Nadmieniamy, że zaproponowane w ww. ustawie rozwiązania są według nas nie do przyjęcia i są z samego założenia sprzeczne z planowaną restrukturyzacją zatrudnienia w służbie cywilnej (planowana od 1 stycznia 2010 roku likwidacja limitu etatów) oraz wdrożeniem nowego systemu wynagrodzeń (jak i po co, wobec możliwości wymuszonego obniżania uposażeń w związku z zapisami projektu ww. ustawy, reformować system wynagrodzeń w służbie cywilnej?). Świadczy to niestety o braku spójnej, logicznej i całościowej polityki zarządzania kadrami podległymi URM i wyklucza pozytywny końcowy efekt wdrożenia ww. ustawy.
Jakiekolwiek redukcje zatrudnienia – nawet merytorycznie uzasadnione - powinny być poprzedzone rzetelną i kompleksową analizą obciążenia pracą poszczególnych rodzajów służb oraz w ramach tych służb – poszczególnych jednostek organizacyjnych. Być może są nawet możliwości redukcji zatrudnienia w niektórych rodzajach urzędów (sami wskazywaliśmy liczne vacaty w niektórych służbach podległych Szefowi Służby Cywilnej), ale należałoby to najpierw ustalić i powstrzymać się od proponowania redukcji równej dla wszystkich służb i regionów niezależnie od rzeczywistych potrzeb, rynku pracy i obciążenia zadaniami. Do wiadomości Pana Premiera wysyłaliśmy już (dwa lata temu) kompleksowe raporty o obciążeniu pracą i brakach kadrowych w służbach skarbowych – wnosiliśmy także o przeprowadzenie takich badań w innych służbach. Kształt ustawy, jak również jednakowe podejście do wszystkich służb mających dokonać redukcji świadczą jednak o tym, że żadne analizy w tym celu nie zostały jednak sporządzone. Przesądza to o niemerytorycznym charakterze proponowanych rozwiązań i w efekcie spodziewać się należy większych szkód, niż korzyści z wprowadzenia ww. ustawy do obiegu prawnego.

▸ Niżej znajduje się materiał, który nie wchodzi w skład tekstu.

(* For all $t\in\mathbb R$, $\varepsilon>0$, $\gamma>0$, $$\Big|\sum_{k=1}^n\big(f_k(t)-1+\sigma_k^2t^2/2\big)\Big|\le p_E(t,\varepsilon,\gamma)\,L_{E,n}^3(\varepsilon,\gamma),\qquad \Big|\sum_{k=1}^n\big(f_k(t)-1+\sigma_k^2t^2/2\big)\Big|\le p_R(t,\varepsilon,\gamma)\,L_{R,n}^3(\varepsilon,\gamma),$$ where $$p_E(t,\varepsilon,\gamma)=t^2\min_{0<z\le\varepsilon}\Big[\frac{zt^2}{12}+\max\Big\{\frac{|t|}{6\gamma},\frac\varkappa z-\frac{zt^2}{24}\Big\}\Big],\qquad p_R(t,\varepsilon,\gamma)=t^2\max\Big\{\frac{|t|}{6\gamma},\frac\varkappa\varepsilon+\frac{\varepsilon t^2}{24},\frac{\varepsilon t^2}{12}\Big\}.$$ Moreover: $p_E(t,\varepsilon,\gamma)=\frac{\varkappa t^2}\varepsilon+\frac{\varepsilon t^4}{24}$ if $\varepsilon|t|\le t_\gamma$ and $=\frac{\sqrt{6\varkappa\gamma^2+1}}{6\gamma}|t|^3$ if $\varepsilon|t|>t_\gamma$; for $\gamma\ge\gamma_*$, $p_R(t,\varepsilon,\gamma)=\frac{\varkappa t^2}\varepsilon+\frac{\varepsilon t^4}{24}$ if $\varepsilon|t|\le t_\infty$ and $=\frac{\varepsilon t^4}{12}$ if $\varepsilon|t|>t_\infty$; for $\gamma<\gamma_*$, $p_R(t,\varepsilon,\gamma)$ equals $\frac{\varkappa t^2}\varepsilon+\frac{\varepsilon t^4}{24}$ for $\varepsilon|t|\le t_{1,\gamma}$, $\frac{|t|^3}{6\gamma}$ for $t_{1,\gamma}<\varepsilon|t|\le t_{2,\gamma}$, and $\frac{\varepsilon t^4}{12}$ for $\varepsilon|t|>t_{2,\gamma}$; and $p_R(t,\varepsilon,\gamma)=p_R(t,\varepsilon,\min\{\gamma,\gamma_*\})$. The functions $t_\gamma$ and $t_{1,\gamma}$ are monotonically increasing in $\gamma$, with $t_\gamma\le t_{1,\gamma}\le t_\infty$ for all $\gamma>0$; $p_E$ and $p_R$ are monotonically decreasing in $\gamma>0$, $p_R$ does not depend on $\gamma$ for $\gamma\ge\gamma_*$, and $p_E$ is also monotonically decreasing in $\varepsilon$.
   Context: $X_1,\dots,X_n$ are independent real random variables with $\mathbb E X_k=0$, $\sigma_k^2=\mathbb E X_k^2<\infty$, normalized so that $\sum_k\sigma_k^2=1$; $f_k(t)=\mathbb E e^{itX_k}$. For $z\ge0$, $L_n(z)=\sum_k\mathbb E X_k^2\mathbf 1(|X_k|\ge z)$; for $z>0$, $M_n(z)=\sum_k\mathbb E X_k^3\mathbf 1(|X_k|<z)$. $L_{E,n}^3(\varepsilon,\gamma)=\sup_{0<z\le\varepsilon}\{\gamma|M_n(z)|+zL_n(z)\}$ and $L_{R,n}^3(\varepsilon,\gamma)=\gamma|M_n(\varepsilon)|+\sup_{0<z\le\varepsilon}zL_n(z)$. The constant $\varkappa=0.531551\ldots$ is $\sup_{x>0}x^{-2}\sqrt{(\cos x-1+x^2/2)^2+(\sin x-x)^2}$, and $\gamma_*=1/\sqrt{6\varkappa}=0.5599\ldots$. Further $t_\gamma=\frac2\gamma(\sqrt{(\gamma/\gamma_* )^2+1}-1)$, $t_\infty=\lim_{\gamma\to\infty}t_\gamma=2/\gamma_*$, $t_{2,\gamma}=2\max\{\gamma^{-1},\gamma_*^{-1}\}$, $t_{1,\gamma}=t_{2,\gamma}(1-\sqrt{(1-(\gamma/\gamma_* )^2)_+})$. *)

theory Defs
  imports "HOL-Probability.Probability"
begin

definition chf :: "'a measure \<Rightarrow> (nat \<Rightarrow> 'a \<Rightarrow> real) \<Rightarrow> nat \<Rightarrow> real \<Rightarrow> complex" where
  "chf M X k t = char (distr M borel (X k)) t"

definition sig2 :: "'a measure \<Rightarrow> (nat \<Rightarrow> 'a \<Rightarrow> real) \<Rightarrow> nat \<Rightarrow> real" where
  "sig2 M X k = (\<integral>\<omega>. (X k \<omega>)^2 \<partial>M)"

Pragniemy jednocześnie zauważyć, że przyjęta metoda wyliczenia liczby etatów podlegających redukcji, wobec bardzo dużej liczby vacatów w innych służbach, niż skarbowe spowoduje, iż redukcje zatrudnienia będą de facto przeprowadzane jedynie tam, gdzie obsada etatowa była pełna, natomiast tam, gdzie występowały vacaty – po prostu zlikwiduje się „puste” etaty. Proponowane rozwiązanie promuje zatem służby nieprzeciążone pracą i posiadające prawdopodobnie za duże zatrudnienie w stosunku do potrzeb, a dla pracowników służb skarbowych jest to rozwiązanie najgorsze z możliwych, gdyż oznacza konieczność fizycznego zwalania kształconych niemałym kosztem pracowników w sytuacji, gdy poziom obecnego zatrudnienia uniemożliwia w coraz większym stopniu sprawne wykonywanie wszystkich zadań. W tych okolicznościach o „racjonalizacji” zatrudnienia nie można mówić, gdyż tego nie osiągnie się metodą prymitywnej redukcji etatów, wprowadzanej na dodatek pospiesznie, bez względu na realne możliwości i potrzeby poszczególnych służb, mierzone zakresem ich obowiązków.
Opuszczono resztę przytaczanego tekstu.